Persistent Paranoia

Our daughter called me the other day, horrified. She’d somehow gotten on the mailing list of one of the crazy organizations that seem to thrive in our country–a group called “Freedom Watch,” headed by one “Larry Klayman, Attorney.” The letter was, as she said, vile; among other things in its overheated diatribe, it accused President Obama and Secretary of State Clinton–“the mullah-in-chief” and the “corrupt communist”–of treason.

Most sane citizens, whether they agree with this administration’s policies or not, find such paranoid rantings incomprehensible. But there have always been fringe groups of mentally unhinged folks who project their own frustrations onto the Presidency. FDR was accused of having foreknowledge of Pearl Harbor and allowing it to happen as part of a plot to lead America into war. The notorious hater Father Coughlin accused him of being in league with “the Jews and communists.”

As one historian has noted, this paranoia came from both ends of the political spectrum:  “The Communist leader Earl Browder said that FDR was “carrying out more thoroughly and brutally than even Hoover the capitalist attack against the masses,” and the domestic fascist William Dudley Pelley called the President the “lowest form of human worm – according to Gentile standards.” One critic accused him of “blathering platitudes like a parson on vacation.” and another wrote to him savagely, “If you were a good honest man, Jesus Christ would not have crippled you.” It was in a formal address to the Chicago Bar Association, not in a harangue to an extremist rally, that a United States Senator from Minnesota did not hesitate to liken Roosevelt to the beast of the Apocalypse,” “who set his slimy mark on everything.””

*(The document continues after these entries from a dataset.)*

lemma coalg_morph_s_power_coeff:
  fixes F :: "nat \<Rightarrow> nat \<Rightarrow> nat \<Rightarrow> 'k::field"
  assumes F: "coalg_morph n F" "1 < n" and order: "\<forall>j<r. F 0 j 1 = 0" and r: "1 \<le> r"
    and "m < n"
  shows "F m 0 m = F 1 0 1 ^ m"
  using assms(5)
proof (induction m)
  case 0
  then show ?case using coalg_morph_counit[OF F(1)] by simp
next
  case (Suc m)
  then show ?case
    using coalg_morph_power_step_leading[OF F order r, of "Suc m" 0 m] r by simp
qed

lemma coalg_morph_s_power_t_coeff:
  fixes F :: "nat \<Rightarrow> nat \<Rightarrow> nat \<Rightarrow> 'k::field"
  assumes F: "coalg_morph n F" "1 < n" and order: "\<forall>j<r. F 0 j 1 = 0" and r: "1 \<le> r" "r < n"
    and "Suc m < n"
  shows "F m r (Suc m) = of_nat (Suc m) * F 1 0 1 ^ m * F 0 r 1"
  using assms(6)
proof (induction m)
  case 0
  then show ?case by simp
next
  case (Suc m)
  then have "F (Suc m) r (Suc (Suc m))
      = F 0 r 1 * F (Suc m) 0 (Suc m) + F 1 0 1 * F m r (Suc m)"
    using coalg_morph_power_step_leading[OF F order r(1), of "Suc m" r "Suc m"] r by simp
  also have "\<dots> = F 0 r 1 * F 1 0 1 ^ Suc m + F 1 0 1 * (of_nat (Suc m) * F 1 0 1 ^ m * F 0 r 1)"
    using coalg_morph_s_power_coeff[OF F order r(1), of "Suc m"] Suc by simp
  also have "\<dots> = of_nat (Suc (Suc m)) * F 1 0 1 ^ Suc m * F 0 r 1"
    by (simp add: algebra_simps)
  finally show ?case .
qed
section \<open>Smooth Jordan curves\<close>

lemma smooth_jordan_curve_simple_loop:
  assumes "smooth_jordan_curve C"
  obtains c where "simple_path c" "pathfinish c = pathstart c" "path_image c = C"
proof -
  obtain \<gamma> :: "real \<Rightarrow> complex" where per: "\<And>t. \<gamma> (t + 1) = \<gamma> t" and inj: "inj_on \<gamma> {0..<1}"
    and dif: "\<And>n t. vderiv_iter n \<gamma> differentiable (at t)" and C: "C = \<gamma> ` {0..1}"
    using assms unfolding smooth_jordan_curve_def by blast
  have "continuous_on {0..1} \<gamma>"
    using dif[of 0] by (simp add: continuous_at_imp_continuous_on differentiable_imp_continuous_within)
  then have "path \<gamma>" by (simp add: path_def)
  have loop: "\<gamma> 1 = \<gamma> 0" using per[of 0] by simp
  have "loop_free \<gamma>" unfolding loop_free_def
  proof (intro ballI impI)
    fix x y :: real assume x: "x \<in> {0..1}" and y: "y \<in> {0..1}" and "\<gamma> x = \<gamma> y"
    define x' where "x' = (if x = 1 then 0 else x)"
    define y' where "y' = (if y = 1 then 0 else y)"
    have "x' \<in> {0..<1}" "y' \<in> {0..<1}" using x y by (auto simp: x'_def y'_def)
    moreover have "\<gamma> x' = \<gamma> y'" using \<open>\<gamma> x = \<gamma> y\<close> loop by (auto simp: x'_def y'_def)
    ultimately have "x' = y'" using inj by (meson inj_onD)
    then show "x = y \<or> x = 0 \<and> y = 1 \<or> x = 1 \<and> y = 0"
      using x y by (auto simp: x'_def y'_def split: if_splits)
  qed
  with \<open>path \<gamma>\<close> loop C show ?thesis
    by (intro that[of \<gamma>]) (auto simp: simple_path_def pathfinish_def pathstart_def path_image_def)
qed

lemma smooth_jordan_curve_inside:
  assumes "smooth_jordan_curve C"
  shows "compact C" "inside C \<noteq> {}" "connected (inside C)"
proof -
  obtain c where c: "simple_path c" "pathfinish c = pathstart c" "path_image c = C"
    using smooth_jordan_curve_simple_loop[OF assms] by blast
  show "compact C" using c compact_simple_path_image by blast
  show "inside C \<noteq> {}" "connected (inside C)"
    using Jordan_inside_outside[OF c(1,2)] c(3) by auto
qed

section \<open>Meromorphic functions and the shift \<open>1/(f - a)\<close>\<close>

lemma meromorphic_pole_neighbourhood:
  fixes f :: "complex \<Rightarrow> complex"
  assumes mero: "meromorphic_with_poles f G P" and G: "open G" and p: "p \<in> P"
  obtains \<rho> where "\<rho> > 0" "ball p \<rho> \<subseteq> G" "\<forall>x\<in>ball p \<rho> - {p}. x \<notin> P \<and> B < norm (f x)"
proof -
  have "p \<in> G" "\<not> p islimpt P" and lim: "filterlim f at_infinity (at p)"
    using mero p unfolding meromorphic_with_poles_def by auto
  obtain r1 where r1: "r1 > 0" "ball p r1 \<subseteq> G" using G \<open>p \<in> G\<close> openE by blast
  obtain r2 where r2: "r2 > 0" "\<forall>x\<in>P. x \<noteq> p \<longrightarrow> r2 \<le> dist x p"
    using \<open>\<not> p islimpt P\<close> unfolding islimpt_approachable by (metis not_le)
  have "\<forall>\<^sub>F x in at p. max B 0 + 1 \<le> norm (f x)"
    using lim unfolding filterlim_at_infinity[OF order_refl] by simp
  then obtain r3 where r3: "r3 > 0" "\<forall>x. x \<noteq> p \<and> dist x p < r3 \<longrightarrow> max B 0 + 1 \<le> norm (f x)"
    unfolding eventually_at by blast
  show ?thesis
  proof (rule that[of "min r1 (min r2 r3)"])
    show "ball p (min r1 (min r2 r3)) \<subseteq> G" using r1(2) by auto
    show "\<forall>x\<in>ball p (min r1 (min r2 r3)) - {p}. x \<notin> P \<and> B < norm (f x)"
      using r2(2) r3(2) by (fastforce simp: dist_commute)
  qed (use r1 r2 r3 in auto)
qed

lemma open_Diff_poles:
  assumes "meromorphic_with_poles f G P" "open G"
  shows "open (G - P)"
proof -
  have "G - P = G - closure P"
    using assms(1) unfolding meromorphic_with_poles_def closure_def by auto
  then show ?thesis using assms(2) by (simp add: open_Diff)
qed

Harry Truman was accused of employing a top Nazi from the Hitler regime as a covert advisor–not to mention his purported role in directing the cover-up of the crash of a UFO in Roswell, N.M.  The John Birch Society insisted it had proof that Dwight Eisenhower was a member of the communist party. George H.W. Bush was accused of being a member of a “Trilateral Commission” that was widely believed to be intent upon one-world government and an assault on American sovereignty.

In the rant from Freedom Watch, such paranoia is on flamboyant parade–complete with accusations of  “death panels,” “planting Marxists throughout government” and “canceling the National Day of Prayer in favor of Ramadan” among others. Klayman says that Obama “manipulated a deep economic depression” in order to fool Americans into voting for him. And he assures readers that he is working with Tea Party members of Congress–Michelle Bachmann, Allen West and Steve King are named–to submit articles of Impeachment against the President he calls a “treasonous tyrant.”

A quick Google check for “Larry Klayman”  brought up a legal decision disciplining him for violation of the canons of ethics, and a report that the status of his law license in Pennsylvania was “on suspension,” as well as information about an earlier organization called “Judicial Watch” and assorted charges and countercharges between him and other fringe characters.

What do we make of this strand of unhinged hysteria in our body politic?

On the one hand, as even a superficial stroll down history lane attests, America has always had a generous portion of “the crazy.” On the other hand, it only takes a few of these demented souls to disrupt public meetings, intimidate lawmakers, mislead well-meaning but uniformed folks, or even trigger assassination attempts.

In a free country, even the most delusional citizens have the right to spew their venom. But it might be a good idea to put more resources into mental health services.


  1. And in earlier days barely any of this made it on the daily 30-minute newscast. Nowadays every utterance gets play on the voracious 24-hour news cycle and the all-consuming web as if it is major news. Is that good or bad? I don’t know…

  2. …mislead well-meaning but uniformed folks…

    Well, you’d certainly know all about that!

    You’re criticizing the source, which you know is a logical fallacy. Having held public office, you also know that whomever shouts the loudest is right.

  3. Y’know, most flavors of crazy don’t last too long in the light. One of the best things about this-here Internet as opposed to, say, direct mail, broadcast media, newspapers or covert meetings in cellars is that its pretty wide-open, if we will but look.

    Sometimes you get shouting matches; probably more of those than classic debates. But it’s still instructive for the onlookers, even if all they decide from it is, “A pox on both their houses!”

    The Presidency is a lousy job and has been from the start; we’re more likely to get lightning-rods than philosopher-kings — and perhaps that’s as it should be. (Did we have even one President who didn’t get accused of treason, malfeasance or incompetence in the media of his day? Coolige, maybe?)

    Really, if a President doesn’t have enough backbone to get burned in effigy by his third year in office, he probably ought to be sent down early; we could throw another election or make the Veep serve out his stint. (Maybe that would stop them from picking scarecrows for that job, too).